WORK REQUEST
The lines to copy are those in the records below that hold the word "assumes".

SOURCE MATERIAL
lemma ex_bounded_subset_sum_ge:
  fixes f :: "'a \<Rightarrow> real"
  assumes "finite S" "\<And>x. x \<in> S \<Longrightarrow> 0 \<le> f x"
    and "0 \<le> r" "r \<le> 1" "r * real (card S) \<le> real k"
  shows "\<exists>T\<subseteq>S. card T \<le> k \<and> r * sum f S \<le> sum f T"
proof (cases "card S \<le> k")
  case True
  have "0 \<le> sum f S" using assms(2) by (simp add: sum_nonneg)
  then have "r * sum f S \<le> sum f S" using assms(3,4) by (simp add: mult_left_le_one_le)
  then show ?thesis using True by blast
next
  case False
  then obtain T where T: "T \<subseteq> S" "card T = k" and heavy: "real k * sum f S \<le> real (card S) * sum f T"
    using ex_heavy_subset[of S f k] assms(1,2) by auto
  have "0 \<le> sum f S" using assms(2) by (simp add: sum_nonneg)
  from mult_right_mono[OF assms(5) this]
  have "real (card S) * (r * sum f S) \<le> real k * sum f S" by (simp add: ac_simps)
  also note heavy
  finally have "r * sum f S \<le> sum f T"
    using False by (simp add: mult_le_cancel_left_pos)
  then show ?thesis using T by auto
qed

lemma extend_to_bounded_allocation:
  assumes "finite C" "card C \<le> n * k"
    and "\<And>i. i < n \<Longrightarrow> T i \<subseteq> C" "\<And>i. i < n \<Longrightarrow> card (T i) \<le> k"
    and "\<And>i i'. i < n \<Longrightarrow> i' < n \<Longrightarrow> i \<noteq> i' \<Longrightarrow> T i \<inter> T i' = {}"
  shows "\<exists>B. is_allocation n C B \<and> (\<forall>i<n. T i \<subseteq> B i \<and> card (B i) \<le> k)"
  using assms(3-)
proof (induction "card (C - (\<Union>i<n. T i))" arbitrary: T)
  case 0
  have "C - (\<Union>i<n. T i) = {}" using "0.hyps" assms(1) by simp
  then have "(\<Union>i<n. T i) = C" using "0.prems"(1) by blast
  then have "is_allocation n C T" using "0.prems"(1,3) unfolding is_allocation_def by blast
  then show ?case using "0.prems"(2) by (intro exI[of _ T]) simp
next
  case (Suc d)
  have fin: "\<And>i. i < n \<Longrightarrow> finite (T i)"
    using Suc.prems(1) assms(1) by (meson finite_subset)
  have "C - (\<Union>i<n. T i) \<noteq> {}" using Suc.hyps(2) by (intro notI) simp
  then obtain g where g: "g \<in> C" "g \<notin> (\<Union>i<n. T i)" by blast
  have "\<exists>i<n. card (T i) < k"
  proof (rule ccontr)
    assume "\<not> ?thesis"
    then have full: "\<And>i. i < n \<Longrightarrow> card (T i) = k"
      using Suc.prems(2) by (metis le_antisym not_less)
    have "card (\<Union>i<n. T i) = (\<Sum>i<n. card (T i))"
      using fin Suc.prems(3) by (intro card_UN_disjoint) auto
    also have "\<dots> = n * k" using full by simp
    finally have "card (\<Union>i<n. T i) = n * k" .
    moreover have "card (\<Union>i<n. T i) < card C"
      using g Suc.prems(1) by (intro psubset_card_mono[OF assms(1)]) blast
    ultimately show False using assms(2) by simp
  qed
  then obtain i0 where i0: "i0 < n" "card (T i0) < k" by blast
  define T' where "T' = T(i0 := insert g (T i0))"
  have "C - (\<Union>i<n. T' i) = (C - (\<Union>i<n. T i)) - {g}"
    using i0(1) unfolding T'_def by auto
  then have "d = card (C - (\<Union>i<n. T' i))" using Suc.hyps(2) g assms(1) by simp
  moreover have "\<And>i. i < n \<Longrightarrow> T' i \<subseteq> C"
    using Suc.prems(1) g unfolding T'_def by simp
  moreover have "\<And>i. i < n \<Longrightarrow> card (T' i) \<le> k"
    using Suc.prems(2) i0 fin unfolding T'_def by (simp add: card_insert_if)
  moreover have "\<And>i i'. i < n \<Longrightarrow> i' < n \<Longrightarrow> i \<noteq> i' \<Longrightarrow> T' i \<inter> T' i' = {}"
    using Suc.prems(3) g unfolding T'_def by auto
  ultimately have "\<exists>B. is_allocation n C B \<and> (\<forall>i<n. T' i \<subseteq> B i \<and> card (B i) \<le> k)"
    by (rule Suc.hyps(1))
  then obtain B where "is_allocation n C B" "\<forall>i<n. T' i \<subseteq> B i \<and> card (B i) \<le> k"
    by blast
  moreover have "T i \<subseteq> T' i" for i unfolding T'_def by auto
  ultimately show ?case by blast
qed

lemma ex_bounded_reallocation:
  fixes f :: "nat \<Rightarrow> 'a \<Rightarrow> real"
  assumes "finite C" "card C \<le> n * k"
    and "0 \<le> r" "r \<le> 1" "r * real (card C) \<le> real k"
    and "\<And>i g. i < n \<Longrightarrow> g \<in> C \<Longrightarrow> 0 \<le> f i g"
    and "\<And>i i'. i < n \<Longrightarrow> i' < n \<Longrightarrow> i \<noteq> i' \<Longrightarrow> A i \<inter> A i' = {}"
  shows "\<exists>B. is_allocation n C B \<and>
           (\<forall>i<n. card (B i) \<le> k \<and> r * sum (f i) (A i \<inter> C) \<le> sum (f i) (B i))"
proof -
  have "\<exists>T\<subseteq>A i \<inter> C. card T \<le> k \<and> r * sum (f i) (A i \<inter> C) \<le> sum (f i) T" if "i < n" for i
  proof (rule ex_bounded_subset_sum_ge)
    have "card (A i \<inter> C) \<le> card C" using assms(1) by (simp add: card_mono)
    then show "r * real (card (A i \<inter> C)) \<le> real k"
      using assms(3,5) by (meson mult_left_mono of_nat_le_iff order_trans)
  qed (use assms(1,3,4,6) that in auto)
  then obtain T where T: "\<And>i. i < n \<Longrightarrow> T i \<subseteq> A i \<inter> C \<and> card (T i) \<le> k \<and>
                                   r * sum (f i) (A i \<inter> C) \<le> sum (f i) (T i)"
    by metis
  obtain B where B: "is_allocation n C B" "\<forall>i<n. T i \<subseteq> B i \<and> card (B i) \<le> k"
    using extend_to_bounded_allocation[OF assms(1,2), of T] T assms(7) by blast
  have "sum (f i) (T i) \<le> sum (f i) (B i)" if "i < n" for i
  proof (rule sum_mono2)
    have "B i \<subseteq> C" using B(1) that unfolding is_allocation_def by blast
    then show "finite (B i)" using assms(1) finite_subset by blast
    show "T i \<subseteq> B i" using B(2) that by blast
    show "0 \<le> f i g" if "g \<in> B i - T i" for g
      using \<open>B i \<subseteq> C\<close> assms(6) \<open>i < n\<close> that by blast
  qed
  then have "\<forall>i<n. card (B i) \<le> k \<and> r * sum (f i) (A i \<inter> C) \<le> sum (f i) (B i)"
    using B(2) T by (blast intro: order_trans)
  then show ?thesis using B(1) by blast
qed

lemma valid_instance_categories_allocation:
  "valid_instance n h M C u \<Longrightarrow> is_allocation h M C"
  unfolding valid_instance_def is_allocation_def by blast

lemma sum_split_allocation:
  assumes "is_allocation h M C" "finite M" "S \<subseteq> M"
  shows "sum f S = (\<Sum>j<h. sum f (S \<inter> C j))"
proof -
  have "S = (\<Union>j<h. S \<inter> C j)" using assms(1,3) unfolding is_allocation_def by blast
  then have "sum f S = sum f (\<Union>j<h. S \<inter> C j)" by simp
  also have "\<dots> = (\<Sum>j<h. sum f (S \<inter> C j))"
  proof (rule sum.UNION_disjoint)
    show "\<forall>j\<in>{..<h}. finite (S \<inter> C j)"
      using assms(2,3) finite_subset by blast
    show "\<forall>j\<in>{..<h}. \<forall>j'\<in>{..<h}. j \<noteq> j' \<longrightarrow> S \<inter> C j \<inter> (S \<inter> C j') = {}"
      using assms(1) unfolding is_allocation_def by blast
  qed simp
  finally show ?thesis .
qed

ANSWER
  assumes "finite S" "\<And>x. x \<in> S \<Longrightarrow> 0 \<le> f x"
  assumes "finite C" "card C \<le> n * k"
  assumes "finite C" "card C \<le> n * k"
  assumes "is_allocation h M C" "finite M" "S \<subseteq> M"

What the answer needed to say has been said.